* _YOUR GOAL_
Go through the entries below and print, exactly, the lines starting at the one with "(* The lexicographically" and ending at the one with "square prefix 1010, and", keeping both ends and no others.

* _WORKING DATA_
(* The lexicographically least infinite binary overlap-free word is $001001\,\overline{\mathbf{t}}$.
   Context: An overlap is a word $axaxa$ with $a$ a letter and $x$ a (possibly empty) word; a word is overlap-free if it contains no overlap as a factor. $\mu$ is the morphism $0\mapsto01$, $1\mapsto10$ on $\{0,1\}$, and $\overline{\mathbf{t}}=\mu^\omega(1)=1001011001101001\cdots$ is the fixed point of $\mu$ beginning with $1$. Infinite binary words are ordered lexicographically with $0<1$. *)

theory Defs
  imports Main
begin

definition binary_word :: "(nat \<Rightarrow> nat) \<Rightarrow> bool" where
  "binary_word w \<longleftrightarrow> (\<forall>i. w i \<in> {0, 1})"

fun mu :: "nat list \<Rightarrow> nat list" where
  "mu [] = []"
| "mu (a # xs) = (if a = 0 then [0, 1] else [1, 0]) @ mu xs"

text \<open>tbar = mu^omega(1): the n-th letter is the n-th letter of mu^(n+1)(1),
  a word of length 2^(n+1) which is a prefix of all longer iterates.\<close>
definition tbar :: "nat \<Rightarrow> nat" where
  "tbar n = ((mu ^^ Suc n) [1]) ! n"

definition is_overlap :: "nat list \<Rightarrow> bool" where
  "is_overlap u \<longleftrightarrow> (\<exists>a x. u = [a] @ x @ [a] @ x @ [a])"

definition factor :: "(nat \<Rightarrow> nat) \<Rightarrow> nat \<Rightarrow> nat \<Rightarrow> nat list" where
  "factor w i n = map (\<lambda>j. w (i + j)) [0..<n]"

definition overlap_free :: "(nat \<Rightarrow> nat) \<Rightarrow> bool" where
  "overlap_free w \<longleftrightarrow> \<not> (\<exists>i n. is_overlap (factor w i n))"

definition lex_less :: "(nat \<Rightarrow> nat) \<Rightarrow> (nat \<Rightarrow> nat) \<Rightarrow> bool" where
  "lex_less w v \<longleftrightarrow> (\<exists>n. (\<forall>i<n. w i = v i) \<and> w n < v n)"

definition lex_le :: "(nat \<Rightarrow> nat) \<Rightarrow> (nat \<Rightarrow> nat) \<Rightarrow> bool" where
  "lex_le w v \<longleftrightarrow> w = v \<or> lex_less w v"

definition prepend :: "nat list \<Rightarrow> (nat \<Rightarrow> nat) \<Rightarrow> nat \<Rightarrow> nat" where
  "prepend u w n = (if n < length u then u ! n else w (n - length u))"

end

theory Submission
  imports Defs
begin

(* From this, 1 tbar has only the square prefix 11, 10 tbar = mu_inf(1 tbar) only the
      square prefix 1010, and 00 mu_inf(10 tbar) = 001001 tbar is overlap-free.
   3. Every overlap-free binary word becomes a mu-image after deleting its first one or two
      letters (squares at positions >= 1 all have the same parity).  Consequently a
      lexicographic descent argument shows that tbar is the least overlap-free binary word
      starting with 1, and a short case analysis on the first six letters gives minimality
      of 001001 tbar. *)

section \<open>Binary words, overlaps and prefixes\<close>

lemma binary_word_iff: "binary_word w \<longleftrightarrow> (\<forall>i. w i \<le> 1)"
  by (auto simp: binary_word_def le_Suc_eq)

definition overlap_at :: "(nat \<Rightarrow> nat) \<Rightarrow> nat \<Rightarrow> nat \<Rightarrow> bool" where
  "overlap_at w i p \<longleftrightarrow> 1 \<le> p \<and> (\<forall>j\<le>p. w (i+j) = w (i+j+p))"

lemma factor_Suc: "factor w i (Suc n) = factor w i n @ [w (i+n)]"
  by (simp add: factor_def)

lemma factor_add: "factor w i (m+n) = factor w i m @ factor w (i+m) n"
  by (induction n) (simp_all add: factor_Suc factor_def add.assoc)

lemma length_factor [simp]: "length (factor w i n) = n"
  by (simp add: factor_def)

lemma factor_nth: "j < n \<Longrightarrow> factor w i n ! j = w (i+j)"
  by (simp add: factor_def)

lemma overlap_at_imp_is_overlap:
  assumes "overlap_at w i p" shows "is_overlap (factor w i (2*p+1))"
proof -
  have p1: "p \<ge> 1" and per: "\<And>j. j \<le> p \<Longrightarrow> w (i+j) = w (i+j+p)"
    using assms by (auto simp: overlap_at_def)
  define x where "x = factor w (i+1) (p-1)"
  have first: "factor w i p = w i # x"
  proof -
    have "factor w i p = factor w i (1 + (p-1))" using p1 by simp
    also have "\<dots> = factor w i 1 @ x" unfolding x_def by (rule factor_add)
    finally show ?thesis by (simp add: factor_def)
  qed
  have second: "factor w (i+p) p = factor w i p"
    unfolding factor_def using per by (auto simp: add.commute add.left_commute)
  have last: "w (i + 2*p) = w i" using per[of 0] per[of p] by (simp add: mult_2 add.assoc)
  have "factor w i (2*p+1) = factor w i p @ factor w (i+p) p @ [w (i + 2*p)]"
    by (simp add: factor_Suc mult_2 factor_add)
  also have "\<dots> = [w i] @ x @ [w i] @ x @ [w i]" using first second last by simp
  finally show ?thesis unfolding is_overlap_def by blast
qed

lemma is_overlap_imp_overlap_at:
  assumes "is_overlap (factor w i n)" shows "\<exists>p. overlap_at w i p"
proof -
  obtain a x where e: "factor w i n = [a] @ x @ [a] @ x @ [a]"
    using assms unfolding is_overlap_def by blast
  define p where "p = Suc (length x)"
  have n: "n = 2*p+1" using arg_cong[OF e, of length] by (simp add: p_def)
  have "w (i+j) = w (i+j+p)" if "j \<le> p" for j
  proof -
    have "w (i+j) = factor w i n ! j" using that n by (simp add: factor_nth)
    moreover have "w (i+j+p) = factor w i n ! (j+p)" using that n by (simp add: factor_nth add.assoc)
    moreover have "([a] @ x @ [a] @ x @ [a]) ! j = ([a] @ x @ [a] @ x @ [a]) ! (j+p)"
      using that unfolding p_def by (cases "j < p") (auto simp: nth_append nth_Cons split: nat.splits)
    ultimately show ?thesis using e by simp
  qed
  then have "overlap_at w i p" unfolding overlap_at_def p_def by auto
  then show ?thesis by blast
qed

...

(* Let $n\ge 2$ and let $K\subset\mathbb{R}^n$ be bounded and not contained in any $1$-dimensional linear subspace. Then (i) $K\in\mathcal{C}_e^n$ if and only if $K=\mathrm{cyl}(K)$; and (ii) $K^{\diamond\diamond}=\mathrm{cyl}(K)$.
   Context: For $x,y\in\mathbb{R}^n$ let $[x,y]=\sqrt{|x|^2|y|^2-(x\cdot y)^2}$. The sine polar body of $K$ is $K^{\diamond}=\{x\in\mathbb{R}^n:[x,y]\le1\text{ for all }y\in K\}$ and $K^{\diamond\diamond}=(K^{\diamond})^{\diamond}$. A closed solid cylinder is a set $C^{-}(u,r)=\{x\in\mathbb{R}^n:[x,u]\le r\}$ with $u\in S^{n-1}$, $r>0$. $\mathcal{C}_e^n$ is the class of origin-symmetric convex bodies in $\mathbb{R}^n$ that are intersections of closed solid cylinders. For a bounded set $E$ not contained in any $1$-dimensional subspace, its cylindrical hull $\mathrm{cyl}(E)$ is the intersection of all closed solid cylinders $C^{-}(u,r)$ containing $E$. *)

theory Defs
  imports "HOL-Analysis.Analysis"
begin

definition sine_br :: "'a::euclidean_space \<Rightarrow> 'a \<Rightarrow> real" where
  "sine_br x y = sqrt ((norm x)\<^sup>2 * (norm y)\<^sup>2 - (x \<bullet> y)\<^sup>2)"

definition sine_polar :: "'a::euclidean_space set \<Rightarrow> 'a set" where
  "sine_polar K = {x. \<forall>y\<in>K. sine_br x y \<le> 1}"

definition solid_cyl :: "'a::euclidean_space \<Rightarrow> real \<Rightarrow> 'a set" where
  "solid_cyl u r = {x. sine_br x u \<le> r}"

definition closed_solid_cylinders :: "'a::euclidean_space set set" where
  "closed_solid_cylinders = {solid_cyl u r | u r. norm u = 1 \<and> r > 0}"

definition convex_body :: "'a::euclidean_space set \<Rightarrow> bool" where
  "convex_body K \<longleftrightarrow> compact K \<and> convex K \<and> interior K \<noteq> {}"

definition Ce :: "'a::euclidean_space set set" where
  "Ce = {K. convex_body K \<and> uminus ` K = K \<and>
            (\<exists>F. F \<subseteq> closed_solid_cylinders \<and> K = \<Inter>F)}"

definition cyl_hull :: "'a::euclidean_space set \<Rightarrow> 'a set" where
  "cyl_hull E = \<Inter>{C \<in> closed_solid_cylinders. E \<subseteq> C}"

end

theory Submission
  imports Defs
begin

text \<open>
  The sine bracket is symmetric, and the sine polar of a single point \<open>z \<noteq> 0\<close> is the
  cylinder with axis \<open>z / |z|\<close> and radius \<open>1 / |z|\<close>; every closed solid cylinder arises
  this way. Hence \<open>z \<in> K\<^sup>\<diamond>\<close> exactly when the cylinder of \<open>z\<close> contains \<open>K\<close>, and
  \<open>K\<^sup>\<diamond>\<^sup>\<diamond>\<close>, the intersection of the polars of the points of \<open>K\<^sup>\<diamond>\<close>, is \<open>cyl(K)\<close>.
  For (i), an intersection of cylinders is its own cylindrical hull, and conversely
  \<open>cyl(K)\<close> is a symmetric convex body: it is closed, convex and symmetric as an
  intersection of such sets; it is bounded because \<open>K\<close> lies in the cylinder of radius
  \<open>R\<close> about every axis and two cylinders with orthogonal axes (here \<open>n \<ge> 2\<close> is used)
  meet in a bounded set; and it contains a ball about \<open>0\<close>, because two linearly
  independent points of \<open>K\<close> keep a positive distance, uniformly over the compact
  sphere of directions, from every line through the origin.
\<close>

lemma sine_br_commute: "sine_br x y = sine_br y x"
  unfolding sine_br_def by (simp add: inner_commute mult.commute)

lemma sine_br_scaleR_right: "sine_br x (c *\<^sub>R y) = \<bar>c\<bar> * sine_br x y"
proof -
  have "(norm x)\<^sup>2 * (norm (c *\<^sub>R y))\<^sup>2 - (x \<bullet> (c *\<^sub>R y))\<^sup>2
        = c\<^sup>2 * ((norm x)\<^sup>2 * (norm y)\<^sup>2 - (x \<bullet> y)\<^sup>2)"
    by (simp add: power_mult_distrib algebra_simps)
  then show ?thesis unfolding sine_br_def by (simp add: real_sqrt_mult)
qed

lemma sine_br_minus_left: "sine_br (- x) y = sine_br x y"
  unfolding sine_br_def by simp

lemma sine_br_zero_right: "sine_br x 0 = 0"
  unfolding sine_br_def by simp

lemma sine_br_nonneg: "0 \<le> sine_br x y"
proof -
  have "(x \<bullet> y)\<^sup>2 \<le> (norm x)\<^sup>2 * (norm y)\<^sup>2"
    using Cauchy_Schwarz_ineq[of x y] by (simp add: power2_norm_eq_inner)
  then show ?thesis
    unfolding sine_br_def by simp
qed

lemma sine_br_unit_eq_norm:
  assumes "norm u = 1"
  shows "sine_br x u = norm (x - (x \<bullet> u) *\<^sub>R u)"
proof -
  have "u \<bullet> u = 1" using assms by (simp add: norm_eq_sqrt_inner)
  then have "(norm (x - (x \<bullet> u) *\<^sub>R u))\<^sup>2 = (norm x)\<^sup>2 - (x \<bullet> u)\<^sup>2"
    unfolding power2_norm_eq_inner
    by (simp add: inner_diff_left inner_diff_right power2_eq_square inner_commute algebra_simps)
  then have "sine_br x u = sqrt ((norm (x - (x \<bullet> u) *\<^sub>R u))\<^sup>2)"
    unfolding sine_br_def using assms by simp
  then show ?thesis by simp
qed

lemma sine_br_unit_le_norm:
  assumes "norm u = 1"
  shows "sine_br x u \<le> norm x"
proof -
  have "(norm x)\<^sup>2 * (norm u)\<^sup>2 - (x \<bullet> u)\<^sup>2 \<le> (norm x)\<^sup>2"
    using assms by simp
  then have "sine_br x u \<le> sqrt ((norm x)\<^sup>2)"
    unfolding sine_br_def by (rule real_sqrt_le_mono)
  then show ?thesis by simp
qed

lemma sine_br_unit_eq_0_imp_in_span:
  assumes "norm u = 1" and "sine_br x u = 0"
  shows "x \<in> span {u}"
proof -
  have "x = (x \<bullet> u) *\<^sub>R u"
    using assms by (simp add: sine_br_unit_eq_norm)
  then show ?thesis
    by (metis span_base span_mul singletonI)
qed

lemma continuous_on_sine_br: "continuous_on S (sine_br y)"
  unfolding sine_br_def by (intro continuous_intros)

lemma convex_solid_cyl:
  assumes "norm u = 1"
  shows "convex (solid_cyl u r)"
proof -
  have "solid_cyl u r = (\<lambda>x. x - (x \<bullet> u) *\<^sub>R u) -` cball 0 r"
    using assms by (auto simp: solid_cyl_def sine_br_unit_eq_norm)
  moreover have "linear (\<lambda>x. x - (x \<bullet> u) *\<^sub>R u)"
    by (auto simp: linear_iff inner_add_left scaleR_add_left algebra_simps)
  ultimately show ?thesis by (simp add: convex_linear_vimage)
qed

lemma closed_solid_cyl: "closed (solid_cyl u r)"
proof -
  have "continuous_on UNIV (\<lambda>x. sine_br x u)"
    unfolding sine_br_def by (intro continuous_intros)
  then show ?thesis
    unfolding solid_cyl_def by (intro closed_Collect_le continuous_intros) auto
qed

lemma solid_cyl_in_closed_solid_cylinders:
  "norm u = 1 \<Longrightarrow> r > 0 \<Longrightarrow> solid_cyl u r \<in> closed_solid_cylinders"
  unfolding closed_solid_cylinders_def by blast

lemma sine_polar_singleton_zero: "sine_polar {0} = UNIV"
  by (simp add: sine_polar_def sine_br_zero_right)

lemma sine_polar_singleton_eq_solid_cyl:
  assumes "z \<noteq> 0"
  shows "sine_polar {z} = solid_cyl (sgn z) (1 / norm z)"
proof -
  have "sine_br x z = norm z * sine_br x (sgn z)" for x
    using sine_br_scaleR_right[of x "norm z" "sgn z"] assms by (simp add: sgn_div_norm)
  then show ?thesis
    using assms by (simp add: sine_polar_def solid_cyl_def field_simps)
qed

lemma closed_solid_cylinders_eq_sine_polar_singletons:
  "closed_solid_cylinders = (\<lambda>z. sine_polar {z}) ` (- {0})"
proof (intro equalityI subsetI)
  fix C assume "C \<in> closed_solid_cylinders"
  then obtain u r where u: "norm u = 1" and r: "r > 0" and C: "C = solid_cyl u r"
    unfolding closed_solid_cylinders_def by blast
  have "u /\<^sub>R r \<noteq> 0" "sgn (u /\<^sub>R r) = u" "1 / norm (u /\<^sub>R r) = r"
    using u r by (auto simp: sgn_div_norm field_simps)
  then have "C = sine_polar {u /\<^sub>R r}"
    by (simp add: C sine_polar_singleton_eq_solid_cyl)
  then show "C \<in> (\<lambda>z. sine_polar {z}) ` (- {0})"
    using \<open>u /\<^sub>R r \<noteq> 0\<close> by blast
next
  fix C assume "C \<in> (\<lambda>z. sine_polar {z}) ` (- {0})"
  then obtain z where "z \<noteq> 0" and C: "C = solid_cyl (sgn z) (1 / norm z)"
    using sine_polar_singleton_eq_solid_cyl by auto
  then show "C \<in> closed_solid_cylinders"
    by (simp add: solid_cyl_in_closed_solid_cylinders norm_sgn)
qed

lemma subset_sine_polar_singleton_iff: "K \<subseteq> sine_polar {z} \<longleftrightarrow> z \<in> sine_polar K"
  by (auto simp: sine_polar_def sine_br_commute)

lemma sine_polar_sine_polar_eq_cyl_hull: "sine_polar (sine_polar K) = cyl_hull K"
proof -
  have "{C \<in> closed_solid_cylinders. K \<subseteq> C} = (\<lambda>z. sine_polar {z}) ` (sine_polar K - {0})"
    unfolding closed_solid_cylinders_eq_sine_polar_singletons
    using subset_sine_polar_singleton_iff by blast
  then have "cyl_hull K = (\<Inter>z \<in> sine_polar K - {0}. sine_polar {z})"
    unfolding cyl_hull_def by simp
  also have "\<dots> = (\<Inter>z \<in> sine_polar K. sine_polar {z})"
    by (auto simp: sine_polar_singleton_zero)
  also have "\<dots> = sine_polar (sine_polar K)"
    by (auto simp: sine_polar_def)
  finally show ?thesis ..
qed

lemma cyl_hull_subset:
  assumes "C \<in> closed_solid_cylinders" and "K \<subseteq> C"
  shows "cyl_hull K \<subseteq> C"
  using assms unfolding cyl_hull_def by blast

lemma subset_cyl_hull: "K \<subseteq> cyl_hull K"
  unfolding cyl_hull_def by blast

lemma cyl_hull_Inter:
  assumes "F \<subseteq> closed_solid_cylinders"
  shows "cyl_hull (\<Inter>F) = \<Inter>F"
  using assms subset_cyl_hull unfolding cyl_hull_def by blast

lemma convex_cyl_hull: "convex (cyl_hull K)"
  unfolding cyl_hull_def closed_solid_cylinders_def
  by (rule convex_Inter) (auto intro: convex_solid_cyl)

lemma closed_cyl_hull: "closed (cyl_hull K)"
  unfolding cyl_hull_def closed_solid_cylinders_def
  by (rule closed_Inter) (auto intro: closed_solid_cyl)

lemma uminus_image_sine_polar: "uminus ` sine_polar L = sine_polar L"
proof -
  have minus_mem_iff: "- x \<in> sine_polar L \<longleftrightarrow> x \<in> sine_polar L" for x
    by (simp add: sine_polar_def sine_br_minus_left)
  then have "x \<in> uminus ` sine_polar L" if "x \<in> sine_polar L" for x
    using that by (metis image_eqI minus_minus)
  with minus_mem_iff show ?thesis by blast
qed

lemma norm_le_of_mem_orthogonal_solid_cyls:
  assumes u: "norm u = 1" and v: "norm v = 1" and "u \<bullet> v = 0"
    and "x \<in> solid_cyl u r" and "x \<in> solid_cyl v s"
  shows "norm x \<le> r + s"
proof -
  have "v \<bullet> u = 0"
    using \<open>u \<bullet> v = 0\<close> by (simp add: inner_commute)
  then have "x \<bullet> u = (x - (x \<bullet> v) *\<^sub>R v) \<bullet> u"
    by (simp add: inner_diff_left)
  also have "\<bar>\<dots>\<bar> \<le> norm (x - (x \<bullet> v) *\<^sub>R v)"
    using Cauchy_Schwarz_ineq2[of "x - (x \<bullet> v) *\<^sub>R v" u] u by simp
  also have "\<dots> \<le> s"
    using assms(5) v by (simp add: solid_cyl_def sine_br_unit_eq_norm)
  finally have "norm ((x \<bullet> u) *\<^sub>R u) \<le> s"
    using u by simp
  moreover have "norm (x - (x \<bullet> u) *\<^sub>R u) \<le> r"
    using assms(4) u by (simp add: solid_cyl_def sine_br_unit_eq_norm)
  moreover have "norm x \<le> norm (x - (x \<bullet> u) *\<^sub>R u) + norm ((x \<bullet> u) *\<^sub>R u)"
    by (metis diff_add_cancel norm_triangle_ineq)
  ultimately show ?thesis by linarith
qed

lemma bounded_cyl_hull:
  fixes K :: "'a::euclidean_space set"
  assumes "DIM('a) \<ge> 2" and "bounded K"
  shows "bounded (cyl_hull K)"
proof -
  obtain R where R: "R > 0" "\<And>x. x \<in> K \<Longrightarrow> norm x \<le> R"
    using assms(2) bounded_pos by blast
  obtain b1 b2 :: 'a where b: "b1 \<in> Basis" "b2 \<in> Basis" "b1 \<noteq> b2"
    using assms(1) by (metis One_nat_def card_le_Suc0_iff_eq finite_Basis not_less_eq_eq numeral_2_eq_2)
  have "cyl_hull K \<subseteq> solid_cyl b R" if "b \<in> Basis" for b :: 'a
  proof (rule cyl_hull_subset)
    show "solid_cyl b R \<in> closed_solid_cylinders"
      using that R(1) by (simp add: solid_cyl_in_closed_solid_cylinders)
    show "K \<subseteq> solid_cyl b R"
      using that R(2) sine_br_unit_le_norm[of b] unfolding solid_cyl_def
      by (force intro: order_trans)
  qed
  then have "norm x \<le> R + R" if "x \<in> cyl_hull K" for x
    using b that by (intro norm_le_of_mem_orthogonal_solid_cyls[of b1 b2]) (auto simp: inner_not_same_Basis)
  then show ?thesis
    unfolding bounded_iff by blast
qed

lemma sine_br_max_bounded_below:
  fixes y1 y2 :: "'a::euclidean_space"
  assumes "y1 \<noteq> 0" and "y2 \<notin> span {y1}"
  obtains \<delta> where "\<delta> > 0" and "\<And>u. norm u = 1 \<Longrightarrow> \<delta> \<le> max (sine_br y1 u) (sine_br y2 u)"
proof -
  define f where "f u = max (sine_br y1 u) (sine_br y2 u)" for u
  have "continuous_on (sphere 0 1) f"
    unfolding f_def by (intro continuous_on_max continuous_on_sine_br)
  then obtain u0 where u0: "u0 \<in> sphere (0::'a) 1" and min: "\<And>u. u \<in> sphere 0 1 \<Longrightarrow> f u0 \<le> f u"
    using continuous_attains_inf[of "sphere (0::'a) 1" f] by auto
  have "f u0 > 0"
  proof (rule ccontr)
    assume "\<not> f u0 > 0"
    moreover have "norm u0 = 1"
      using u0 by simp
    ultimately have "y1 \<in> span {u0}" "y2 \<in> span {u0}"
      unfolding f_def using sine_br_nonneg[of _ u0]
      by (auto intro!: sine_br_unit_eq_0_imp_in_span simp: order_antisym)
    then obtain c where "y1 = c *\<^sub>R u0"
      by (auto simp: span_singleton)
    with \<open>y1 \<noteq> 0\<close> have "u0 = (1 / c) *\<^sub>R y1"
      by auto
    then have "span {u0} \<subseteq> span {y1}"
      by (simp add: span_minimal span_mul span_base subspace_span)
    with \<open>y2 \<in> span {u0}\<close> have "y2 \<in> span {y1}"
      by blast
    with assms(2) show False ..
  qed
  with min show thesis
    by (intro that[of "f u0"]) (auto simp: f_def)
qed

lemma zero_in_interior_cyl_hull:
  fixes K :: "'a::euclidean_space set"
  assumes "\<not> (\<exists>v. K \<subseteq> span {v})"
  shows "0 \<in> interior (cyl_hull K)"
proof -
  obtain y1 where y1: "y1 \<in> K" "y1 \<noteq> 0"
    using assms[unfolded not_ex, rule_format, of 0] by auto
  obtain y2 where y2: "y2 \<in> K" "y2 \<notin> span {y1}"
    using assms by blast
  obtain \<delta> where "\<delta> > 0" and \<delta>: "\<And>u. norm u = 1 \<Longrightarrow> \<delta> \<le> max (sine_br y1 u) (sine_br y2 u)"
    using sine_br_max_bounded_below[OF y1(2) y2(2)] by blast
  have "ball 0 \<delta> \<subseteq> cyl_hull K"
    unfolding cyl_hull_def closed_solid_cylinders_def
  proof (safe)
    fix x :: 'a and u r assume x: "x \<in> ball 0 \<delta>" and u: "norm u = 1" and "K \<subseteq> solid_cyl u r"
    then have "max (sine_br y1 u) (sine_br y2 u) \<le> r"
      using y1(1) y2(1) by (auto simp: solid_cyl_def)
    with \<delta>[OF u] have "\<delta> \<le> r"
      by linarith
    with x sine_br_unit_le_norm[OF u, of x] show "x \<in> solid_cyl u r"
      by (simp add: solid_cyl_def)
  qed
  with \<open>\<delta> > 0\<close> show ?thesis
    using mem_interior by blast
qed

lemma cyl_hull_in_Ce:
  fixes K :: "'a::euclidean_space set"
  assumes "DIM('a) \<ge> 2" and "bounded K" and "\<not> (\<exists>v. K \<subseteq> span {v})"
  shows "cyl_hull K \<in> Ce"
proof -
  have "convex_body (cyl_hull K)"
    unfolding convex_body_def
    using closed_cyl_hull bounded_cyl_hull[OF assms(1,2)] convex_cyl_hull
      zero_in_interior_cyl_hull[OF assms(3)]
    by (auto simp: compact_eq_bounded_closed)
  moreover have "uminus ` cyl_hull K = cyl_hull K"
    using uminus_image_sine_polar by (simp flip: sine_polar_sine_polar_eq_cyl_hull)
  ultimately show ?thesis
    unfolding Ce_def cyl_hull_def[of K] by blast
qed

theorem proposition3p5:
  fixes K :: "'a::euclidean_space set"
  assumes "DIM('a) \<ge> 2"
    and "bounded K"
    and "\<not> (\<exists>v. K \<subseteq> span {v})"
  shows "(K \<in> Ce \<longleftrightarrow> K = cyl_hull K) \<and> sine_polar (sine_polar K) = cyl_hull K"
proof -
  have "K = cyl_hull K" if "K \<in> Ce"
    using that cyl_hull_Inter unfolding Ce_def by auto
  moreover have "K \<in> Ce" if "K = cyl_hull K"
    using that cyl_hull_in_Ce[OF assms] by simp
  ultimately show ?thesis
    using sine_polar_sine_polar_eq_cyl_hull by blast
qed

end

* _RESPONSE_
(* The lexicographically least infinite binary overlap-free word is $001001\,\overline{\mathbf{t}}$.
   Context: An overlap is a word $axaxa$ with $a$ a letter and $x$ a (possibly empty) word; a word is overlap-free if it contains no overlap as a factor. $\mu$ is the morphism $0\mapsto01$, $1\mapsto10$ on $\{0,1\}$, and $\overline{\mathbf{t}}=\mu^\omega(1)=1001011001101001\cdots$ is the fixed point of $\mu$ beginning with $1$. Infinite binary words are ordered lexicographically with $0<1$. *)

theory Defs
  imports Main
begin

definition binary_word :: "(nat \<Rightarrow> nat) \<Rightarrow> bool" where
  "binary_word w \<longleftrightarrow> (\<forall>i. w i \<in> {0, 1})"

fun mu :: "nat list \<Rightarrow> nat list" where
  "mu [] = []"
| "mu (a # xs) = (if a = 0 then [0, 1] else [1, 0]) @ mu xs"

text \<open>tbar = mu^omega(1): the n-th letter is the n-th letter of mu^(n+1)(1),
  a word of length 2^(n+1) which is a prefix of all longer iterates.\<close>
definition tbar :: "nat \<Rightarrow> nat" where
  "tbar n = ((mu ^^ Suc n) [1]) ! n"

definition is_overlap :: "nat list \<Rightarrow> bool" where
  "is_overlap u \<longleftrightarrow> (\<exists>a x. u = [a] @ x @ [a] @ x @ [a])"

definition factor :: "(nat \<Rightarrow> nat) \<Rightarrow> nat \<Rightarrow> nat \<Rightarrow> nat list" where
  "factor w i n = map (\<lambda>j. w (i + j)) [0..<n]"

definition overlap_free :: "(nat \<Rightarrow> nat) \<Rightarrow> bool" where
  "overlap_free w \<longleftrightarrow> \<not> (\<exists>i n. is_overlap (factor w i n))"

definition lex_less :: "(nat \<Rightarrow> nat) \<Rightarrow> (nat \<Rightarrow> nat) \<Rightarrow> bool" where
  "lex_less w v \<longleftrightarrow> (\<exists>n. (\<forall>i<n. w i = v i) \<and> w n < v n)"

definition lex_le :: "(nat \<Rightarrow> nat) \<Rightarrow> (nat \<Rightarrow> nat) \<Rightarrow> bool" where
  "lex_le w v \<longleftrightarrow> w = v \<or> lex_less w v"

definition prepend :: "nat list \<Rightarrow> (nat \<Rightarrow> nat) \<Rightarrow> nat \<Rightarrow> nat" where
  "prepend u w n = (if n < length u then u ! n else w (n - length u))"

end

theory Submission
  imports Defs
begin

(* From this, 1 tbar has only the square prefix 11, 10 tbar = mu_inf(1 tbar) only the
      square prefix 1010, and 00 mu_inf(10 tbar) = 001001 tbar is overlap-free.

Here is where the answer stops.